If I was a superhero I’d have this emblazoned on my chest. Is that sad? Oh damn it…

Don’t get me wrong, there are worse things to have. A mild autoimmune disease where you can’t eat wheat, barley and rye is definitely not the worst thing in the world. But its one of those conditions that has one of the worst adverse effects – it’s so God damn annoying. You can’t take a pill and expect it to go away. Its wired into your system. Like whether you can roll your tongue or not. That shit’s in your genes. You can’t forget about it, because you inevitably need to eat a minimum of three times a day. And you can’t just be a bit naughty and indulge yourself for a little while… No, your intestines don’t allow for that.

So, I got thinking about all the crazy ass symptoms – medical and otherwise that make me so certain I have Coeliac disease. I’m not talking about a positive antigen test, I’m talking about the everyday things that I myself notice. Check it out, and see if you share anything similar or whether I’m just in fact crazy…

5) Nightmares about food. 

I’m not messing. I wish I was. I have had actual full on nightmares where I have casually eaten a piece of garlic bread. Afterwards the whole things turned into the final scene of Braveheart  with lots of screams of “Nooooooooo!”, manly tears and the odd bad Scottish accent. It ain’t pretty. The average person is having nightmares about zombies. I’m having traumatic recurring dreams about lasagne.

In the dream I have less hair than Mel Gibson. And bizarrely I don’t look as good in a kilt…

4) Dreams about food. 

Oh it cuts both ways my friend. When I’m not having doughy gremlin type REM sleep, I’m having fantasies about pork pies, pizza and pistachio covered Baklava. I can’t tell you how many times I’ve woken up, dribble all over my pillow, sweat glistening my brow, my heart pounding in my chest… all because my boyfriend picked up the phone and ordered a Domino’s. Yes, when others have sex dreams… I have food dreams.

3) Nervous twitching when someone is  handing out food.

If you have Coeliac disease, you will be well aware of this one. It doesn’t matter where you are; a party, work, supermarket – when the nice lady is slowly coming your way, handing out ‘samples’ of food to people – the twitching starts. I don’t know what it is, but there is a level of panic inside that makes you go from death con five to one faster than you can say sausage roll. Why? Well I guess its a mixture of the fact that you see the woman slowly approaching like a wheat-riddled zombie army, and you have to decide how to act. Do I just say ‘No thanks.’? If I do will they be offended? Do I tell the truth? If I do that, people either fuss or look at me like I’m one of those crazy people who believe carrots have feelings. And then there is the scenario that is out of my control – the person realises my condition, and after holding the plate of sweet smelling goodness under my nose for fifteen seconds, realises and then utters – “Oh sorry, I forgot.” That bitch.
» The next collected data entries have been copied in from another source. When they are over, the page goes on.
corollary lpn_decoupled_sum_le_K_R':
  fixes M :: "nat \<Rightarrow> 'a measure" and J :: "nat set"
  assumes p: "p \<ge> 2" and M: "\<And>s. s \<in> S \<Longrightarrow> prob_space (M s)" and J: "finite J"
    and S: "finite S" "S \<noteq> {}" and h: "\<And>s. s \<in> S \<Longrightarrow> centered_Lp (M s) p (h s)"
    and L: "L \<subseteq> PiE S (\<lambda>_. J)"
  shows "lpn (PiM (J \<times> S) (\<lambda>(i, s). M s)) p (decoupled_sum S L h)
           \<le> K_R p ^ card S * ennreal (sqrt (card L)) * (\<Prod>s\<in>S. lpn (M s) p (h s))"
proof -
  define M' where "M' s = (if s \<in> S then M s else return (count_space UNIV) undefined)" for s
  have M': "\<And>s. prob_space (M' s)" "\<And>s. s \<in> S \<Longrightarrow> M' s = M s"
    unfolding M'_def using prob_space_extension[where S = S and M = M, OF M] by simp_all
  have "PiM (J \<times> S) (\<lambda>(i, s). M s) = PiM (J \<times> S) (\<lambda>(i, s). M' s)"
    by (rule PiM_cong) (auto simp: M'(2))
  moreover have "(\<Prod>s\<in>S. lpn (M s) p (h s)) = (\<Prod>s\<in>S. lpn (M' s) p (h s))"
    by (rule prod.cong) (simp_all add: M'(2))
  moreover have "lpn (PiM (J \<times> S) (\<lambda>(i, s). M' s)) p (decoupled_sum S L h)
      \<le> K_R p ^ card S * ennreal (sqrt (card L)) * (\<Prod>s\<in>S. lpn (M' s) p (h s))"
    by (rule lpn_decoupled_sum_le_K_R[OF p M'(1) J S _ L]) (simp add: h M'(2))
  ultimately show ?thesis by simp
qed

lemma Zpd_le_Nmax: "k \<in> Zpd d \<Longrightarrow> s \<in> {1..d} \<Longrightarrow> k s \<le> Nmax d k"
  unfolding Nmax_def by (rule Max_ge) auto

lemma Zpd_ge_1: "k \<in> Zpd d \<Longrightarrow> s \<in> {1..d} \<Longrightarrow> k s \<ge> 1"
  unfolding Zpd_def by (auto simp: PiE_iff)

lemma finite_Nmax_le: "finite {k\<in>Zpd d. Nmax d k \<le> m}"
proof (rule finite_subset)
  show "{k\<in>Zpd d. Nmax d k \<le> m} \<subseteq> PiE {1..d} (\<lambda>_. {1..m})"
  proof
    fix k assume k: "k \<in> {k\<in>Zpd d. Nmax d k \<le> m}"
    then show "k \<in> PiE {1..d} (\<lambda>_. {1..m})"
      using Zpd_le_Nmax[of k d] Zpd_ge_1[of k d] unfolding Zpd_def
      by (auto simp: PiE_iff) (meson atLeastAtMost_iff le_trans)
  qed
qed (auto intro: finite_PiE)

lemma measurable_rep_partial:
  assumes "\<And>s j. s \<in> {1..d} \<Longrightarrow> j \<ge> 1 \<Longrightarrow> g s j \<in> borel_measurable (M s)"
  shows "rep_partial d lam g m \<in> borel_measurable (PiM {1..d} M)"
  unfolding rep_partial_def[abs_def]
  using assms Zpd_ge_1
  by (intro borel_measurable_sum borel_measurable_times borel_measurable_const
      borel_measurable_prod measurable_component_comp) auto

text \<open>By independence, the array \<open>(\<xi>\<^sub>i(s))\<^sub>(\<^sub>i\<^sub>,\<^sub>s\<^sub>)\<close> restricted to finitely many rows
  has the product law.\<close>

lemma lpn_comp_indep_array:
  fixes \<xi> :: "nat \<Rightarrow> nat \<Rightarrow> 'w \<Rightarrow> 'a"
  assumes P: "prob_space P"
    and ind: "prob_space.indep_vars P (\<lambda>(i, s). M s) (\<lambda>(i, s). \<xi> i s) ({1..} \<times> {1..d})"
    and dist: "\<forall>i\<ge>1. \<forall>s\<in>{1..d}. distr P (M s) (\<xi> i s) = M s"
    and J: "J \<subseteq> {1..}" "J \<times> {1..d} \<noteq> {}"
    and \<Phi>: "\<Phi> \<in> borel_measurable (PiM (J \<times> {1..d}) (\<lambda>(i, s). M s))"
  shows "lpn P p (\<lambda>\<omega>. \<Phi> (\<lambda>q\<in>J \<times> {1..d}. (\<lambda>(i, s). \<xi> i s) q \<omega>))
       = lpn (PiM (J \<times> {1..d}) (\<lambda>(i, s). M s)) p \<Phi>"
proof -
  interpret prob_space P by fact
  let ?I = "J \<times> {1..d}"
  let ?M = "\<lambda>(i::nat, s::nat). M s"
  let ?X = "\<lambda>(i::nat, s::nat). \<xi> i s"
  have ind': "indep_vars ?M ?X ?I" by (rule indep_vars_subset[OF ind]) (use J in auto)
  then have rv: "\<And>q. q \<in> ?I \<Longrightarrow> random_variable (?M q) (?X q)"
    unfolding indep_vars_def by blast
  have "distr P (PiM ?I ?M) (\<lambda>x. \<lambda>q\<in>?I. ?X q x) = PiM ?I (\<lambda>q. distr P (?M q) (?X q))"
    by (subst indep_vars_iff_distr_eq_PiM'[symmetric]) (use J(2) rv ind' in auto)
  also have "\<dots> = PiM ?I ?M" by (rule PiM_cong) (use dist J(1) in auto)
  finally have law: "distr P (PiM ?I ?M) (\<lambda>x. \<lambda>q\<in>?I. ?X q x) = PiM ?I ?M" .
  have "(\<lambda>x. \<lambda>q\<in>?I. ?X q x) \<in> measurable P (PiM ?I ?M)"
    by (rule measurable_restrict) (use rv in auto)
  from lpn_distr[OF this \<Phi>, of p] show ?thesis by (simp only: law)
qed

definition array_S_L :: "nat \<Rightarrow> (nat \<Rightarrow> nat) set \<Rightarrow> ((nat \<Rightarrow> 'a) \<Rightarrow> real)
    \<Rightarrow> (nat \<times> nat \<Rightarrow> 'a) \<Rightarrow> real" where
  "array_S_L d L D y = (\<Sum>l\<in>L. D (\<lambda>s\<in>{1..d}. y (l s, s))) / sqrt (card L)"

lemma measurable_array_row:
  assumes "l \<in> {1..d} \<rightarrow> J"
  shows "(\<lambda>y. \<lambda>s\<in>{1..d}. y (l s, s)) \<in> measurable (PiM (J \<times> {1..d}) (\<lambda>(i, s). M s)) (PiM {1..d} M)"
proof (rule measurable_restrict)
  fix s assume "s \<in> {1..d}"
  then have "(l s, s) \<in> J \<times> {1..d}" using assms by auto
  from measurable_component_singleton[OF this, of "\<lambda>(i, s). M s"]
  show "(\<lambda>y. y (l s, s)) \<in> measurable (PiM (J \<times> {1..d}) (\<lambda>(i, s). M s)) (M s)" by simp
qed

lemma lpn_array_row:
  assumes M: "\<And>s. s \<in> {1..d} \<Longrightarrow> prob_space (M s)" and l: "l \<in> {1..d} \<rightarrow> J"
    and D: "D \<in> borel_measurable (PiM {1..d} M)"
  shows "lpn (PiM (J \<times> {1..d}) (\<lambda>(i, s). M s)) p (\<lambda>y. D (\<lambda>s\<in>{1..d}. y (l s, s)))
       = lpn (PiM {1..d} M) p D"
proof -
  have "inj_on (\<lambda>s. (l s, s)) {1..d}" by (auto simp: inj_on_def)
  then have "distr (PiM (J \<times> {1..d}) (\<lambda>(i, s). M s)) (PiM {1..d} (\<lambda>s. (\<lambda>(i, s). M s) (l s, s)))
      (\<lambda>\<omega>. \<lambda>n\<in>{1..d}. \<omega> (l n, n)) = PiM {1..d} (\<lambda>s. (\<lambda>(i, s). M s) (l s, s))"
    by (intro distr_PiM_reindex) (use M l in auto)
  then have "distr (PiM (J \<times> {1..d}) (\<lambda>(i, s). M s)) (PiM {1..d} M)
      (\<lambda>\<omega>. \<lambda>n\<in>{1..d}. \<omega> (l n, n)) = PiM {1..d} M"
    by simp
  with lpn_distr[OF measurable_array_row[OF l] D] show ?thesis by simp
qed

lemma measurable_array_S_L:
  assumes "\<And>l. l \<in> L \<Longrightarrow> l \<in> {1..d} \<rightarrow> J" and "D \<in> borel_measurable (PiM {1..d} M)"
  shows "array_S_L d L D \<in> borel_measurable (PiM (J \<times> {1..d}) (\<lambda>(i, s). M s))"
  unfolding array_S_L_def[abs_def] using assms
  by (intro borel_measurable_divide borel_measurable_const borel_measurable_sum
      measurable_compose[OF measurable_array_row]) auto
2) Imaginary celebratory high fives when you discover a new food.

I don’t like custard creams. I never really have. In fact, I hate custard so it’s no surprise. But that doesn’t stop me gorging down a whole packet of gluten free custard creams like they’re going out of fashion. It as though, I feel obliged because some company has gone to the effort of making this thing gluten free – solely for me – and so I must buy it. It isn’t enough that the friggin’ packet costs me three pounds. No, I must show my gratitude. I find myself eating things I never ate before just because they are gluten free. It’s absurd. I feel like a heroine addict, desperate to get my wheat-substitute methadone. So if its new, and its got the gluten free sign on it, I’m happy – and I’m eating it. Regardless of whether that said food is in fact kangaroo testicles.

1) Stalking.

Is it me? Or does John Hinckley look remarkably like a more conservative Elton John?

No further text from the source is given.